Но главнейший недостаток романа состоит в том, что автор не выставил ничего типичного и бытового, что он во всем длинном романе ничего нового и своего не высказал, и что все выведенные им лица скудны, мелочны и не представляют ничего характерного и своеобразного. Если кто-нибудь из них изверг, то в нем ничего человеческого больше нет, если кто-нибудь идеален, то он вовсе не жилец мира сего, а сын небес — словом, это олицетворенные пороки и добродетели, но не живые люди. Заставляя своего героя странствовать по разным городам, населенным евреями, автор не дает никакого понятия о жизни этих городов и их нравах. Он рассказывает всем известные истории про меламедов, про иешиботников, про хасидов и цадиков, про кагал, и ничего типичного и нового не прибавляет. Вы слышите вечную песню о невежестве меламедов, бьющих учеников, о иешиботниках, говорящих о дьяволах и нечистых силах, о хасидах, возносящих своих цадиков, обманывающих невежественную толпу, о кагалах, наказывающих публично женщин, заподозренных в прелюбодеянии, и т. д. до бесконечности. Словом, автор повторяет все то, что он прочитал давным-давно у еврейских и нееврейских писателей, и преподносит читателю прочитанное взамен своего собственного наблюдения. Понятно, что, кроме нестерпимой скуки, ничего нельзя вынести из романа г.Смоленскина. Вы не встречаете в романе ни одного художественного лица, ни одного выдающегося и вероятного события, ни одной художественной картины, ни одной типичной, выдающейся личности. Многочисленные действующие лица романа фигурируют совершенно напрасно. Никто из них, кроме главного героя, не составляет необходимости: в романе, и без всякого ущерба, даже с большой пользой, можно было бы выбросить больше половины из них. События связаны между собой грубо, аляповато, несообразно и, как видно, с большими усилиями со стороны автора. Одно лицо не дополняет собой другого, и все идут вразброд. Кроме всего этого, разговоры между действующими лицами скучны до тошноты.

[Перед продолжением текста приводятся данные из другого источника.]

lemma stationary_points_card_nz_gt:
  assumes "0 \<le> \<mu>" "0 < beta_k A N"
    and "stationary (K_reg \<mu> A b) x'" "stationary (K_reg \<mu> A b) x''" "x'' \<noteq> x'"
    and "\<And>i. \<not> (beta_k A N ^ 2 * sqrt \<mu>
                  \<le> norm (((x' - adjoint_mat cj A *v (A *v x')) + adjoint_mat cj A *v b) $ i)
               \<and> norm (((x' - adjoint_mat cj A *v (A *v x')) + adjoint_mat cj A *v b) $ i)
                  \<le> sqrt \<mu> / beta_k A N ^ 2)"
  shows "N < card_nz (x'' - x')"
proof (rule ccontr)
  assume "\<not> N < card_nz (x'' - x')"
  define \<beta> d where "\<beta> = beta_k A N" and "d = x'' - x'"
  define z' z'' where "z' = x' - adjoint_mat cj A *v (A *v x') + adjoint_mat cj A *v b"
    and "z'' = x'' - adjoint_mat cj A *v (A *v x'') + adjoint_mat cj A *v b"
  have "d \<noteq> 0" "card_nz d \<le> N" using assms(5) \<open>\<not> N < card_nz (x'' - x')\<close> unfolding d_def by auto
  have "z'' - z' = d - adjoint_mat cj A *v (A *v d)"
    unfolding z'_def z''_def d_def by (simp add: algebra_simps)
  hence "(z'' - z') \<bullet> d = d \<bullet> d - (adjoint_mat cj A *v (A *v d)) \<bullet> d"
    by (simp add: inner_diff_left)
  also have "\<dots> = (norm d)\<^sup>2 - (norm (A *v d))\<^sup>2"
    using adjoint_mat_inner[of A d "A *v d"] by (simp add: power2_norm_eq_inner inner_commute)
  also have "\<dots> \<le> (1 - \<beta>\<^sup>2) * (norm d)\<^sup>2"
  proof -
    have "\<beta> * norm d \<le> norm (A *v d)"
      unfolding \<beta>_def by (rule beta_k_mult_norm_le) fact+
    hence "(\<beta> * norm d)\<^sup>2 \<le> (norm (A *v d))\<^sup>2"
      using assms(2) unfolding \<beta>_def by (intro power_mono) auto
    thus ?thesis by (simp add: algebra_simps)
  qed
  finally have "(z'' - z') \<bullet> d \<le> (1 - \<beta>\<^sup>2) * (norm d)\<^sup>2" .
  moreover have "(1 - \<beta>\<^sup>2) * (norm d)\<^sup>2 < (z'' - z') \<bullet> d"
    unfolding d_def z'_def z''_def \<beta>_def
    by (rule hard_threshold_rel_vec_strongly_monotone)
       (use assms stationary_K_reg_hard_threshold_rel in auto)
  ultimately show False by simp
qed

end

interpretation real_conjugation: conjugation "id :: real \<Rightarrow> real"
  by unfold_locales simp

interpretation complex_conjugation: conjugation cnj
  by unfold_locales (simp add: inner_complex_def algebra_simps)

theorem theorem4p2:
  shows
  "(\<forall>(A::real^'n^'m) (b::real^'m) (\<mu>::real) (N::nat) x' x''.
      \<mu> > 0 \<and> N \<ge> 1 \<and> beta_k A N > 0 \<and>
      stationary (K_reg \<mu> A b) x' \<and>
      (\<forall>i. \<not> (beta_k A N ^ 2 * sqrt \<mu> \<le> norm (((x' - adjoint_mat id A *v (A *v x')) + adjoint_mat id A *v b) $ i)
              \<and> norm (((x' - adjoint_mat id A *v (A *v x')) + adjoint_mat id A *v b) $ i) \<le> sqrt \<mu> / beta_k A N ^ 2)) \<and>
      stationary (K_reg \<mu> A b) x'' \<and> x'' \<noteq> x'
      \<longrightarrow> card_nz (x'' - x') > N)
 \<and> (\<forall>(A::complex^'n^'m) (b::complex^'m) (\<mu>::real) (N::nat) x' x''.
      \<mu> > 0 \<and> N \<ge> 1 \<and> beta_k A N > 0 \<and>
      stationary (K_reg \<mu> A b) x' \<and>
      (\<forall>i. \<not> (beta_k A N ^ 2 * sqrt \<mu> \<le> norm (((x' - adjoint_mat cnj A *v (A *v x')) + adjoint_mat cnj A *v b) $ i)
              \<and> norm (((x' - adjoint_mat cnj A *v (A *v x')) + adjoint_mat cnj A *v b) $ i) \<le> sqrt \<mu> / beta_k A N ^ 2)) \<and>
      stationary (K_reg \<mu> A b) x'' \<and> x'' \<noteq> x'
      \<longrightarrow> card_nz (x'' - x') > N)"
  by (intro conjI allI impI; elim conjE;
      rule real_conjugation.stationary_points_card_nz_gt
        complex_conjugation.stationary_points_card_nz_gt; force)

end
(* Let $M$ be a $3$-Kenmotsu manifold with structures $(\varphi_\alpha,\eta,\xi,g)$, $\alpha=1,2,3$, and let $H=\{X\in TM:\eta(X)=0\}$. Then for every nonzero $X\in H$, $$\mathbf{H}_1(X)+\mathbf{H}_2(X)+\mathbf{H}_3(X)=-3,$$ where $\mathbf{H}_\alpha(X)=-\dfrac{R(X,\varphi_\alpha X,X,\varphi_\alpha X)}{g(X,X)^2}$ is the $\varphi_\alpha$-holomorphic sectional curvature.
   Context: An almost contact metric structure $(\varphi,\eta,\xi,g)$ on an odd-dimensional manifold $M$ consists of a $(1,1)$-tensor $\varphi$, a vector field $\xi$, a $1$-form $\eta$ and a Riemannian metric $g$ with $\varphi^2X=-X+\eta(X)\xi$, $\eta(\xi)=1$, $\eta\circ\varphi=0$, $\varphi\xi=0$, $g(\varphi X,\varphi Y)=g(X,Y)-\eta(X)\eta(Y)$, $\eta(X)=g(\xi,X)$. It is Kenmotsu if $(\nabla_X\varphi)Y=g(\varphi X,Y)\xi-\eta(Y)\varphi X$ for all vector fields $X,Y$, with $\nabla$ the Levi-Civita connection of $g$. A $3$-Kenmotsu manifold is a smooth manifold $M$ equipped with three Kenmotsu structures $(\varphi_\alpha,\eta,\xi,g)$, $\alpha=1,2,3$ (same $\eta,\xi,g$), such that $\varphi_k=\varphi_i\circ\varphi_j$ for every even permutation $(i,j,k)$ of $(1,2,3)$. Curvature conventions: $R(X,Y)Z=\nabla_X\nabla_YZ-\nabla_Y\nabla_XZ-\nabla_{[X,Y]}Z$ and $R(X,Y,Z,W)=g(R(X,Y)Z,W)$; with these conventions $\mathbf{H}_\alpha(X)$ equals the sectional curvature of the plane spanned by $X$ and $\varphi_\alpha X$ (note $g(\varphi_\alpha X,\varphi_\alpha X)=g(X,X)$ and $g(X,\varphi_\alpha X)=0$ for $X\in H$). *)

theory Defs
  imports "HOL-Analysis.Analysis"
begin

text \<open>Local (coordinate) model: the manifold is an open set U of real^'n, tangent
vectors at a point are elements of real^'n, tensor fields are functions on U.\<close>

definition pd :: "'n::finite \<Rightarrow> (real^'n \<Rightarrow> real) \<Rightarrow> real^'n \<Rightarrow> real" where
  "pd i f x = deriv (\<lambda>t. f (x + t *\<^sub>R axis i 1)) 0"

definition smooth_fun_on :: "(real^'n::finite) set \<Rightarrow> (real^'n \<Rightarrow> real) \<Rightarrow> bool" where
  "smooth_fun_on U f \<longleftrightarrow>
     (\<forall>is::'n list. continuous_on U (fold pd is f) \<and>
        (\<forall>i. \<forall>x\<in>U. ((\<lambda>t. fold pd is f (x + t *\<^sub>R axis i 1))
                      has_real_derivative pd i (fold pd is f) x) (at 0)))"

definition smooth_vf_on :: "(real^'n::finite) set \<Rightarrow> (real^'n \<Rightarrow> real^'n) \<Rightarrow> bool" where
  "smooth_vf_on U X \<longleftrightarrow> (\<forall>k. smooth_fun_on U (\<lambda>x. X x $ k))"

definition smooth_tf_on :: "(real^'n::finite) set \<Rightarrow> (real^'n \<Rightarrow> real^'n^'n) \<Rightarrow> bool" where
  "smooth_tf_on U A \<longleftrightarrow> (\<forall>k l. smooth_fun_on U (\<lambda>x. A x $ k $ l))"

definition gm :: "(real^'n::finite \<Rightarrow> real^'n^'n) \<Rightarrow> real^'n \<Rightarrow> real^'n \<Rightarrow> real^'n \<Rightarrow> real" where
  "gm g p X Y = X \<bullet> (g p *v Y)"

definition riemannian_metric_on :: "(real^'n::finite) set \<Rightarrow> (real^'n \<Rightarrow> real^'n^'n) \<Rightarrow> bool" where
  "riemannian_metric_on U g \<longleftrightarrow> smooth_tf_on U g \<and>
     (\<forall>p\<in>U. transpose (g p) = g p \<and> (\<forall>X. X \<noteq> 0 \<longrightarrow> gm g p X X > 0))"

definition dd :: "real^'n::finite \<Rightarrow> (real^'n \<Rightarrow> real^'n) \<Rightarrow> real^'n \<Rightarrow> real^'n" where
  "dd v Y p = (\<chi> k. \<Sum>i\<in>UNIV. v $ i * pd i (\<lambda>y. Y y $ k) p)"

definition christoffel :: "(real^'n::finite \<Rightarrow> real^'n^'n) \<Rightarrow> real^'n \<Rightarrow> real^'n \<Rightarrow> real^'n \<Rightarrow> real^'n" where
  "christoffel g p v w = matrix_inv (g p) *v
     (\<chi> l. (1/2) * (\<Sum>i\<in>UNIV. \<Sum>j\<in>UNIV. v $ i * w $ j *
        (pd i (\<lambda>y. g y $ j $ l) p + pd j (\<lambda>y. g y $ i $ l) p - pd l (\<lambda>y. g y $ i $ j) p)))"

definition nabla :: "(real^'n::finite \<Rightarrow> real^'n^'n) \<Rightarrow> real^'n \<Rightarrow> (real^'n \<Rightarrow> real^'n) \<Rightarrow> real^'n \<Rightarrow> real^'n" where
  "nabla g v Y p = dd v Y p + christoffel g p v (Y p)"

text \<open>R(u,v)w = nabla_u nabla_v w - nabla_v nabla_u w - nabla_[u,v] w, computed with the
coordinate-constant extensions of u, v, w (whose bracket vanishes); R is tensorial.\<close>
definition curv :: "(real^'n::finite \<Rightarrow> real^'n^'n) \<Rightarrow> real^'n \<Rightarrow> real^'n \<Rightarrow> real^'n \<Rightarrow> real^'n \<Rightarrow> real^'n" where
  "curv g p u v w = nabla g u (\<lambda>q. nabla g v (\<lambda>_. w) q) p - nabla g v (\<lambda>q. nabla g u (\<lambda>_. w) q) p"

definition curv4 :: "(real^'n::finite \<Rightarrow> real^'n^'n) \<Rightarrow> real^'n \<Rightarrow> real^'n \<Rightarrow> real^'n \<Rightarrow> real^'n \<Rightarrow> real^'n \<Rightarrow> real" where
  "curv4 g p X Y Z W = gm g p (curv g p X Y Z) W"

text \<open>eta is a covector field, eta(X) at p is eta p \<bullet> X.\<close>
definition almost_contact_metric_on ::
  "(real^'n::finite) set \<Rightarrow> (real^'n \<Rightarrow> real^'n^'n) \<Rightarrow> (real^'n \<Rightarrow> real^'n) \<Rightarrow> (real^'n \<Rightarrow> real^'n)
   \<Rightarrow> (real^'n \<Rightarrow> real^'n^'n) \<Rightarrow> bool" where
  "almost_contact_metric_on U phi eta xi g \<longleftrightarrow>
     riemannian_metric_on U g \<and> smooth_tf_on U phi \<and> smooth_vf_on U eta \<and> smooth_vf_on U xi \<and>
     (\<forall>p\<in>U. (\<forall>X. phi p *v (phi p *v X) = - X + (eta p \<bullet> X) *\<^sub>R xi p) \<and>
             eta p \<bullet> xi p = 1 \<and>
             (\<forall>X. eta p \<bullet> (phi p *v X) = 0) \<and>
             phi p *v xi p = 0 \<and>
             (\<forall>X Y. gm g p (phi p *v X) (phi p *v Y) = gm g p X Y - (eta p \<bullet> X) * (eta p \<bullet> Y)) \<and>
             (\<forall>X. eta p \<bullet> X = gm g p (xi p) X))"

definition kenmotsu_on ::
  "(real^'n::finite) set \<Rightarrow> (real^'n \<Rightarrow> real^'n^'n) \<Rightarrow> (real^'n \<Rightarrow> real^'n) \<Rightarrow> (real^'n \<Rightarrow> real^'n)
   \<Rightarrow> (real^'n \<Rightarrow> real^'n^'n) \<Rightarrow> bool" where
  "kenmotsu_on U phi eta xi g \<longleftrightarrow>
     almost_contact_metric_on U phi eta xi g \<and>
     (\<forall>p\<in>U. \<forall>X Y. nabla g X (\<lambda>q. phi q *v Y) p - phi p *v nabla g X (\<lambda>_. Y) p
                 = gm g p (phi p *v X) Y *\<^sub>R xi p - (eta p \<bullet> Y) *\<^sub>R (phi p *v X))"

definition three_kenmotsu_on ::
  "(real^'n::finite) set \<Rightarrow> (nat \<Rightarrow> real^'n \<Rightarrow> real^'n^'n) \<Rightarrow> (real^'n \<Rightarrow> real^'n) \<Rightarrow> (real^'n \<Rightarrow> real^'n)
   \<Rightarrow> (real^'n \<Rightarrow> real^'n^'n) \<Rightarrow> bool" where
  "three_kenmotsu_on U phi eta xi g \<longleftrightarrow>
     (\<forall>a\<in>{1,2,3}. kenmotsu_on U (phi a) eta xi g) \<and>
     (\<forall>p\<in>U. phi 3 p = phi 1 p ** phi 2 p \<and> phi 1 p = phi 2 p ** phi 3 p \<and>
             phi 2 p = phi 3 p ** phi 1 p)"

definition hol_sec_curv ::
  "(nat \<Rightarrow> real^'n::finite \<Rightarrow> real^'n^'n) \<Rightarrow> (real^'n \<Rightarrow> real^'n^'n) \<Rightarrow> nat \<Rightarrow> real^'n \<Rightarrow> real^'n \<Rightarrow> real" where
  "hol_sec_curv phi g a p X =
     - curv4 g p X (phi a p *v X) X (phi a p *v X) / (gm g p X X)^2"

end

Роман, или, лучше сказать, масса бумаги, исписанной г.Смоленскиным, имеет, впрочем, некоторые действительные достоинства. Они заключаются в том, что слог автора в высшей степени изящен и в то же время чрезвычайно легок. Соединить эти два качества при бедности и сжатости еврейского языка задача чрезвычайно трудная. Г.Смоленскин владеет в совершенстве еврейским языком, и для него не существует никаких трудностей. Древнееврейский язык будто превратился в его романе в один из культурнейших европейских языков… Другое достоинство произведения г.Смоленскина заключается в том, что оно проникнуто глубокой любовью к несчастному еврейскому народу. Еврейский быт в России возбуждает в авторе глубокую скорбь. Рисуя русских евреев, автор скорбит об ограничении их прав, которое составляет единственную причину жалкого их умственного и материального положения, и нельзя не согласиться с г.Смоленскиным, что уравнение евреев во всех гражданских правах поднимет их физически и морально, и что многие действительно темные стороны еврейского быта будут тогда немыслимы. Но все это, разумеется, не ново, и писать для этого роман, в котором бы высказаны были эти известные истины, по меньшей мере совершенно лишне.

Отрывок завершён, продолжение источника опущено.